Since the carbon atoms (x) increase and the released heat (y) decreases, θ_1 has to be negative. θ_0 functionas as the offset. Looking at the table: a few θ_0 should be higher than -1000

  • θ_0=−1780.0,θ_1=−530.9
  • θ_0=−569.6,θ_1=−530.9
  • θ_0=−1780.0,θ_1=530.9
  • θ_0=−569.6,θ_1=530.9

Question Explanation

We can give an approximate estimate of the θ0 and θ1 values observing the trend of the data in the training set. We see that the y values decrease quite regularly when the x values increase, then θ1 must be negative. θ0 is the value that the hypothesis takes when x is equal to zero, therefore it must be superior to y(1) in order to satisfy the decreasing trend of the data. Among the proposed answers, the only one that meets both the conditions is hθ(x)=−569.6−530.9x. We can better appreciate these considerations observing the graph of the training data and the linear regression (below):


Question 3

Suppose we set θ_0=−1,θ_1=0.5. What is hθ(4)?

Answer

hθ(x) = θ_0 + θ_1x
hθ(x) = -1 + 0.5x
hθ(4) = -1 + 0.5 * 4
hθ_θ(4) = 1

Question 4

Let f be some function so that f(θ0,θ1) outputs a number. For this problem, f is some arbitrary/unknown smooth function (not necessarily the cost function of linear regression, so f may have local optima). Suppose we use gradient descent to try to minimize f(θ0,θ1) as a function of θ0 and θ1. Which of the following statements are true? (Check all that apply.)

Answer

  • If θ0 and θ1 are initialized so that θ0=θ1, then by symmetry (because we do simultaneous updates to the two parameters), after one iteration of gradient descent, we will still have θ0=θ1.

    • The updates to θ0 and θ1 are different (even though we‘re doing simultaneous updates), so there‘s no particular reason to expect them to be the same after one iteration of gradient descent.
  • Setting the learning rate α to be very small is not harmful, and can only speed up the convergence of gradient descent.
    • If the learning rate is small, gradient descent ends up taking an extremely small step on each iteration, so this would actually slow down (rather than speed up) the convergence of the algorithm.
  • If the first few iterations of gradient descent cause f(θ0,θ1) to increase rather than decrease, then the most likely cause is that we have set the learning rate α to too large a value.
    • If alpha were small enough, then gradient descent should always successfully take a tiny small downhill and decrease f(\theta_0,\theta_1) at least a little bit.

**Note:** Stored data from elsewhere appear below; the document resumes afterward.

lemma shift_increment_eq_of_finite_energy:
  fixes u H :: "real \<times> real \<Rightarrow> real"
  assumes "\<epsilon> > 0" and "\<delta> > 0"
    and "\<And>p. p \<in> exterior \<epsilon> \<delta> \<Longrightarrow> u differentiable (at p)"
    and "continuous_on (exterior \<epsilon> \<delta>) (py u)"
    and "\<And>p. H differentiable (at p)"
    and "continuous_on UNIV (py H)"
    and "\<And>p. p \<in> exterior \<epsilon> \<delta> \<Longrightarrow> u (p + (0, 2 + \<delta>)) - u p = k\<^sub>u"
    and "\<And>p. H (p + (0, 2 + \<delta>)) - H p = k\<^sub>H"
    and "strip_energy \<epsilon> \<delta> u H < \<infinity>"
  shows "k\<^sub>u = k\<^sub>H"
proof (rule ccontr)
  assume "k\<^sub>u \<noteq> k\<^sub>H"
  then have pos: "(k\<^sub>u - k\<^sub>H)\<^sup>2 > 0"
    by simp
  obtain r where "0 \<le> r" and r: "strip_energy \<epsilon> \<delta> u H = ennreal r"
    using assms(9) by (cases rule: ennreal_cases) auto
  define N where "N = (r + 1) * (2 + \<delta>) / (k\<^sub>u - k\<^sub>H)\<^sup>2"
  have "N \<ge> 0"
    using pos assms(2) \<open>0 \<le> r\<close> unfolding N_def by simp
  from strip_energy_ge[OF assms(1-8) this] have "r + 1 \<le> r"
    using pos assms(2) \<open>0 \<le> r\<close> unfolding N_def r by (simp add: ennreal_le_iff)
  then show False
    by simp
qed

lemma shift_increment_on_sphere:
  fixes u :: "real \<times> real \<Rightarrow> real"
  assumes "\<epsilon> > 0" and "\<delta> > 0"
    and cont: "continuous_on (- disks \<epsilon> \<delta>) u"
    and shift: "\<And>p. p \<in> exterior \<epsilon> \<delta> \<Longrightarrow> u (p + (0, 2 + \<delta>)) - u p = k"
    and "c \<in> centres \<epsilon> \<delta>" and "p \<in> sphere c 1"
  shows "u (p + (0, 2 + \<delta>)) = u p + k"
proof -
  have "exterior \<epsilon> \<delta> \<subseteq> - disks \<epsilon> \<delta>"
    unfolding exterior_eq_compl_closure_disks[OF assms(2)] using closure_subset by blast
  moreover have "closed (- disks \<epsilon> \<delta>)"
    unfolding disks_eq_Union_balls by (intro closed_Compl open_UN) auto
  ultimately have closure_sub: "closure (exterior \<epsilon> \<delta>) \<subseteq> - disks \<epsilon> \<delta>"
    by (rule closure_minimal)
  have "continuous_on (- disks \<epsilon> \<delta>) (\<lambda>q. u (q + (0, 2 + \<delta>)))"
    using add_period_mem_disks_iff
    by (intro continuous_on_compose2[OF cont]) (auto intro!: continuous_intros)
  then have "continuous_on (closure (exterior \<epsilon> \<delta>)) (\<lambda>q. u (q + (0, 2 + \<delta>)) - u q)"
    by (intro continuous_on_subset[OF _ closure_sub] continuous_on_diff cont)
  moreover have "p \<in> closure (exterior \<epsilon> \<delta>)"
    using sphere_subset_closure_exterior[OF assms(1,2,5)] assms(6) by blast
  ultimately have "u (p + (0, 2 + \<delta>)) - u p = k"
    using continuous_constant_on_closure[where f = "\<lambda>q. u (q + (0, 2 + \<delta>)) - u q"] shift
    by blast
  then show ?thesis
    by simp
qed

lemma values_on_translated_spheres:
  fixes u :: "'a::real_normed_vector \<Rightarrow> real" and c :: "int \<Rightarrow> 'a"
  assumes translate: "\<And>n. c (n + 1) = c n + e"
    and shift: "\<And>n p. p \<in> sphere (c n) r \<Longrightarrow> u (p + e) = u p + k"
    and base: "\<forall>p\<in>sphere (c 0) r. u p = a"
  shows "\<forall>p\<in>sphere (c n) r. u p = a + of_int n * k"
proof (induction n rule: int_induct[where k = 0])
  case base
  then show ?case
    using assms(3) by simp
next
  case (step1 n)
  show ?case
  proof
    fix p assume "p \<in> sphere (c (n + 1)) r"
    then have "p - e \<in> sphere (c n) r"
      unfolding translate by (metis dist_add_cancel2 diff_add_cancel mem_sphere)
    then have "u (p - e) = a + of_int n * k" and "u p = u (p - e) + k"
      using step1(2) shift[of "p - e" n] by auto
    then show "u p = a + of_int (n + 1) * k"
      by (simp add: algebra_simps)
  qed
next
  case (step2 n)
  show ?case
  proof
    fix p assume "p \<in> sphere (c (n - 1)) r"
    then have "p + e \<in> sphere (c n) r"
      using translate[of "n - 1"] by simp
    then have "u (p + e) = a + of_int n * k" and "u (p + e) = u p + k"
      using step2(2) shift[of p "n - 1"] \<open>p \<in> sphere (c (n - 1)) r\<close> by auto
    then show "u p = a + of_int (n - 1) * k"
      by (simp add: algebra_simps)
  qed
qed

lemma add_period_eq: "p + (0, 2 + \<delta>) = (fst p, snd p + 2 + \<delta>)"
  for p :: "real \<times> real"
  by (cases p) (simp add: add.assoc)

lemma harmonic_on_continuous_on_py:
  assumes "harmonic_on S u"
  shows "continuous_on S (py u)"
  using assms unfolding harmonic_on_def
  by (intro continuous_at_imp_continuous_on ballI differentiable_imp_continuous_within) auto

lemma solution_shift_on_sphere:
  fixes u H :: "real \<times> real \<Rightarrow> real"
  assumes "\<epsilon> > 0" and "\<delta> > 0"
    and H: "harmonic_on UNIV H"
    and periodic_H: "\<forall>x y. px H (x, y) = px H (x, y + 2 + \<delta>) \<and> py H (x, y) = py H (x, y + 2 + \<delta>)"
    and u: "solution_for \<epsilon> \<delta> H u"
    and "c \<in> centres \<epsilon> \<delta>" and "p \<in> sphere c 1"
  shows "u (p + (0, 2 + \<delta>)) = u p + (H (0, 1 + \<delta> / 2) - H (0, - 1 - \<delta> / 2))"
proof -
  note ext = exterior_eq_compl_closure_disks[OF assms(2)]
  have harm_u: "harmonic_on (exterior \<epsilon> \<delta>) u"
    and cont_u: "continuous_on (- disks \<epsilon> \<delta>) u"
    and energy: "strip_energy \<epsilon> \<delta> u H < \<infinity>"
    and periodic: "\<forall>x y. (x, y) \<notin> closure (disks \<epsilon> \<delta>) \<longrightarrow>
           px u (x, y) = px u (x, y + 2 + \<delta>) \<and> py u (x, y) = py u (x, y + 2 + \<delta>)"
    using u unfolding solution_for_def strip_energy_def ext by blast+
  have periodic_u: "px u (q + (0, 2 + \<delta>)) = px u q \<and> py u (q + (0, 2 + \<delta>)) = py u q"
    if "q \<in> exterior \<epsilon> \<delta>" for q
    using periodic[rule_format, of "fst q" "snd q"] that unfolding ext add_period_eq by simp
  have diff_u: "\<And>p. p \<in> exterior \<epsilon> \<delta> \<Longrightarrow> u differentiable (at p)"
    and diff_H: "\<And>p. H differentiable (at p)"
    using harm_u H unfolding harmonic_on_def by auto
  have periodic_H_shift: "px H (q + (0, 2 + \<delta>)) = px H q \<and> py H (q + (0, 2 + \<delta>)) = py H q" for q
    using periodic_H unfolding add_period_eq by simp
  have "(0::real, - 1 - \<delta> / 2) + (0, 2 + \<delta>) = (0, 1 + \<delta> / 2)"
    by simp
  then have "H (q + (0, 2 + \<delta>)) - H q = H (0, 1 + \<delta> / 2) - H (0, - 1 - \<delta> / 2)" for q
    using shift_increment_eq[OF diff_H periodic_H_shift, of q "(0, - 1 - \<delta> / 2)"] by simp
  moreover have shift_u: "u (q + (0, 2 + \<delta>)) - u q = u (0, 2 + \<delta>) - u 0"
    if "q \<in> exterior \<epsilon> \<delta>" for q
    using exterior_shift_increment_eq[OF assms(1,2) diff_u periodic_u that] by blast
  ultimately have "u (0, 2 + \<delta>) - u 0 = H (0, 1 + \<delta> / 2) - H (0, - 1 - \<delta> / 2)"
    using shift_increment_eq_of_finite_energy[OF assms(1,2) diff_u
        harmonic_on_continuous_on_py[OF harm_u] diff_H harmonic_on_continuous_on_py[OF H] _ _ energy]
    by blast
  with shift_u show ?thesis
    using shift_increment_on_sphere[OF assms(1,2) cont_u _ assms(6,7)] by auto
qed

theorem proposition2p1:
  fixes \<epsilon> \<delta> :: real and H u :: "real \<times> real \<Rightarrow> real"
  assumes "\<epsilon> > 0" and "\<delta> > 0"
    and "harmonic_on UNIV H"
    and "\<forall>x y. px H (x, y) = px H (x, y + 2 + \<delta>) \<and> py H (x, y) = py H (x, y + 2 + \<delta>)"
    and "solution_for \<epsilon> \<delta> H u"
  shows "\<exists>aL aR :: int \<Rightarrow> real.
           (\<forall>n. \<forall>p\<in>sphere (cL \<epsilon> \<delta> n) 1. u p = aL n)
         \<and> (\<forall>n. \<forall>p\<in>sphere (cR \<epsilon> \<delta> n) 1. u p = aR n)
         \<and> (\<forall>n. aR (n + 1) - aR n = H (0, 1 + \<delta>/2) - H (0, -1 - \<delta>/2)
               \<and> aL (n + 1) - aL n = H (0, 1 + \<delta>/2) - H (0, -1 - \<delta>/2))"
proof -
  define k where "k = H (0, 1 + \<delta>/2) - H (0, -1 - \<delta>/2)"
  obtain a b where a: "\<forall>p\<in>sphere (cL \<epsilon> \<delta> 0) 1. u p = a"
    and b: "\<forall>p\<in>sphere (cR \<epsilon> \<delta> 0) 1. u p = b"
    using assms(5) unfolding solution_for_def by blast
  have shift: "u (p + (0, 2 + \<delta>)) = u p + k" if "c \<in> centres \<epsilon> \<delta>" "p \<in> sphere c 1" for c p
    using solution_shift_on_sphere[OF assms that] unfolding k_def by simp
  have "\<forall>p\<in>sphere (cL \<epsilon> \<delta> n) 1. u p = a + of_int n * k" for n
  proof (rule values_on_translated_spheres[where c = "cL \<epsilon> \<delta>"])
    show "cL \<epsilon> \<delta> (m + 1) = cL \<epsilon> \<delta> m + (0, 2 + \<delta>)" for m
      by (simp add: cL_add_period)
    show "u (p + (0, 2 + \<delta>)) = u p + k" if "p \<in> sphere (cL \<epsilon> \<delta> m) 1" for m p
      using shift[of "cL \<epsilon> \<delta> m" p] that by (simp add: centres_def)
  qed (rule a)
  moreover have "\<forall>p\<in>sphere (cR \<epsilon> \<delta> n) 1. u p = b + of_int n * k" for n
  proof (rule values_on_translated_spheres[where c = "cR \<epsilon> \<delta>"])
    show "cR \<epsilon> \<delta> (m + 1) = cR \<epsilon> \<delta> m + (0, 2 + \<delta>)" for m
      by (simp add: cR_add_period)
    show "u (p + (0, 2 + \<delta>)) = u p + k" if "p \<in> sphere (cR \<epsilon> \<delta> m) 1" for m p
      using shift[of "cR \<epsilon> \<delta> m" p] that by (simp add: centres_def)
  qed (rule b)
  ultimately show ?thesis
    by (intro exI[of _ "\<lambda>n. a + of_int n * k"] exI[of _ "\<lambda>n. b + of_int n * k"])
       (auto simp: algebra_simps k_def)
qed

end
(* Let $q$ be a prime power, $m$ odd, $3\le n\le m$, let $g_1,\dots,g_n\in\mathbb{F}_{q^m}$ be linearly independent over $\mathbb{F}_q$, and let $\mathcal{G}$ be the Gabidulin code of dimension $k=1$ with respect to $g_1,\dots,g_n$. Let $f(x)=x^{q^2}+cx$ with $c\in\mathbb{F}_{q^m}$. Then $\sigma_f=(f(g_1),\dots,f(g_n))$ is a deep hole of $\mathcal{G}$ in the rank metric, i.e. $d_R(\sigma_f,\mathcal{G})=n-1$.
   Context: $\mathcal{L}_q(x,\mathbb{F}_{q^m})$ is the set of $q$-linearized polynomials $\sum_i a_ix^{q^i}$ with $a_i\in\mathbb{F}_{q^m}$, $q$-degree being the largest $i$ with $a_i\ne0$. Rank distance: $d_R(\mathbf{u},\mathbf{v})=\dim_{\mathbb{F}_q}\langle u_1-v_1,\dots,u_n-v_n\rangle$, $d_R(\mathbf{u},C)=\min_{\mathbf{c}\in C}d_R(\mathbf{u},\mathbf{c})$; a deep hole is a word attaining the covering radius $\max_{\mathbf{u}}d_R(\mathbf{u},C)$, which for $\mathcal{G}$ is $n-k$. The Gabidulin code of dimension $k$ is $\mathcal{G}=\{(v(g_1),\dots,v(g_n)) : v\in\mathcal{L}_q(x,\mathbb{F}_{q^m}),\ v=0\text{ or }\deg_q(v)<k\}$; for $k=1$ this is $\{(\lambda g_1,\dots,\lambda g_n):\lambda\in\mathbb{F}_{q^m}\}$. *)

theory Defs
  imports "HOL-Computational_Algebra.Primes"
begin

text \<open>The ambient field F_{q^m} is a finite field type 'a; the base field F_q is
  a subfield K of 'a with card K = q, and CARD('a) = q^m.\<close>

definition is_subfield :: "'a::field set \<Rightarrow> bool" where
  "is_subfield K \<longleftrightarrow> 0 \<in> K \<and> 1 \<in> K \<and>
     (\<forall>x\<in>K. \<forall>y\<in>K. x + y \<in> K \<and> x * y \<in> K) \<and>
     (\<forall>x\<in>K. - x \<in> K \<and> inverse x \<in> K)"

definition kspan :: "'a::field set \<Rightarrow> 'a set \<Rightarrow> 'a set" where
  "kspan K S = {(\<Sum>s\<in>B. a s * s) | B a. finite B \<and> B \<subseteq> S \<and> (\<forall>s\<in>B. a s \<in> K)}"

definition kindep :: "'a::field set \<Rightarrow> 'a set \<Rightarrow> bool" where
  "kindep K B \<longleftrightarrow> finite B \<and>
     (\<forall>a. (\<forall>b\<in>B. a b \<in> K) \<and> (\<Sum>b\<in>B. a b * b) = 0 \<longrightarrow> (\<forall>b\<in>B. a b = 0))"

definition kdim :: "'a::field set \<Rightarrow> 'a set \<Rightarrow> nat" where
  "kdim K V = (THE d. \<exists>B. B \<subseteq> V \<and> kindep K B \<and> kspan K B = V \<and> card B = d)"

definition kindep_family :: "'a::field set \<Rightarrow> nat \<Rightarrow> (nat \<Rightarrow> 'a) \<Rightarrow> bool" where
  "kindep_family K n g \<longleftrightarrow>
     (\<forall>a. (\<forall>i<n. a i \<in> K) \<and> (\<Sum>i<n. a i * g i) = 0 \<longrightarrow> (\<forall>i<n. a i = 0))"

text \<open>Words of length n are functions nat => 'a, only indices i < n matter.
  Rank distance d_R(u,v) = dim_K <u_1 - v_1, ..., u_n - v_n>.\<close>
definition rank_dist :: "'a::field set \<Rightarrow> nat \<Rightarrow> (nat \<Rightarrow> 'a) \<Rightarrow> (nat \<Rightarrow> 'a) \<Rightarrow> nat" where
  "rank_dist K n u v = kdim K (kspan K ((\<lambda>i. u i - v i) ` {..<n}))"

definition gabidulin :: "nat \<Rightarrow> nat \<Rightarrow> nat \<Rightarrow> (nat \<Rightarrow> 'a::field) \<Rightarrow> (nat \<Rightarrow> 'a) set" where
  "gabidulin q n k g = {(\<lambda>i. \<Sum>j<k. a j * g i ^ (q ^ j)) | a. True}"

definition rank_dist_code :: "'a::field set \<Rightarrow> nat \<Rightarrow> (nat \<Rightarrow> 'a) \<Rightarrow> (nat \<Rightarrow> 'a) set \<Rightarrow> nat" where
  "rank_dist_code K n u C = Min (rank_dist K n u ` C)"

end

theory Submission
  imports Defs "HOL-Computational_Algebra.Polynomial" "HOL-Number_Theory.Residues"
begin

If gradient descent instead increases the objective value, that means alpha is too large (or you have a bug in your code!).
  • If the learning rate is too small, then gradient descent may take a very long time to converge.
    • If the learning rate is small, gradient descent ends up taking an extremely small step on each iteration, and therefore can take a long time to converge.

Question 5

Suppose that for some linear regression problem (say, predicting housing prices as in the lecture), we have some training set, and for our training set we managed to find some θ0, θ1 such that J(θ0,θ1)=0. Which of the statements below must then be true? (Check all that apply.)

Answer

  • For this to be true, we must have θ0=0 and θ1=0 so that hθ(x)=0

    • If J(θ0,θ1)=0, that means the line defined by the equation "y=θ0+θ1x" perfectly fits all of our data. There‘s no particular reason to expect that the values of θ0 and θ1 that achieve this are both 0 (unless y(i)=0 for all of our training examples).
  • Our training set can be fit perfectly by a straight line, i.e., all of our training examples lie perfectly on some straight line.
    • If J(θ0,θ1)=0, that means the line defined by the equation "y=θ0+θ1x" perfectly fits all of our data.
  • For this to be true, we must have y(i)=0 for every value of i=1,2,…,m.
    • So long as all of our training examples lie on a straight line, we will be able to find θ0 and θ1 so that J(θ0,θ1)=0. It is not necessary that y(i)=0 for all of our examples.
  • We can perfectly predict the value of y even for new examples that we have not yet seen. (e.g., we can perfectly predict prices of even new houses that we have not yet seen.)
    • Even though we can fit our training set perfectly, this does not mean that we‘ll always make perfect predictions on houses in the future/on houses that we have not yet seen.
时间: 2024-10-11 16:59:46

【Coursera - machine learning】 Linear regression with one variable-quiz的相关文章

【Stanford Open Courses】Machine Learning:Linear Regression with One Variable (Week 1)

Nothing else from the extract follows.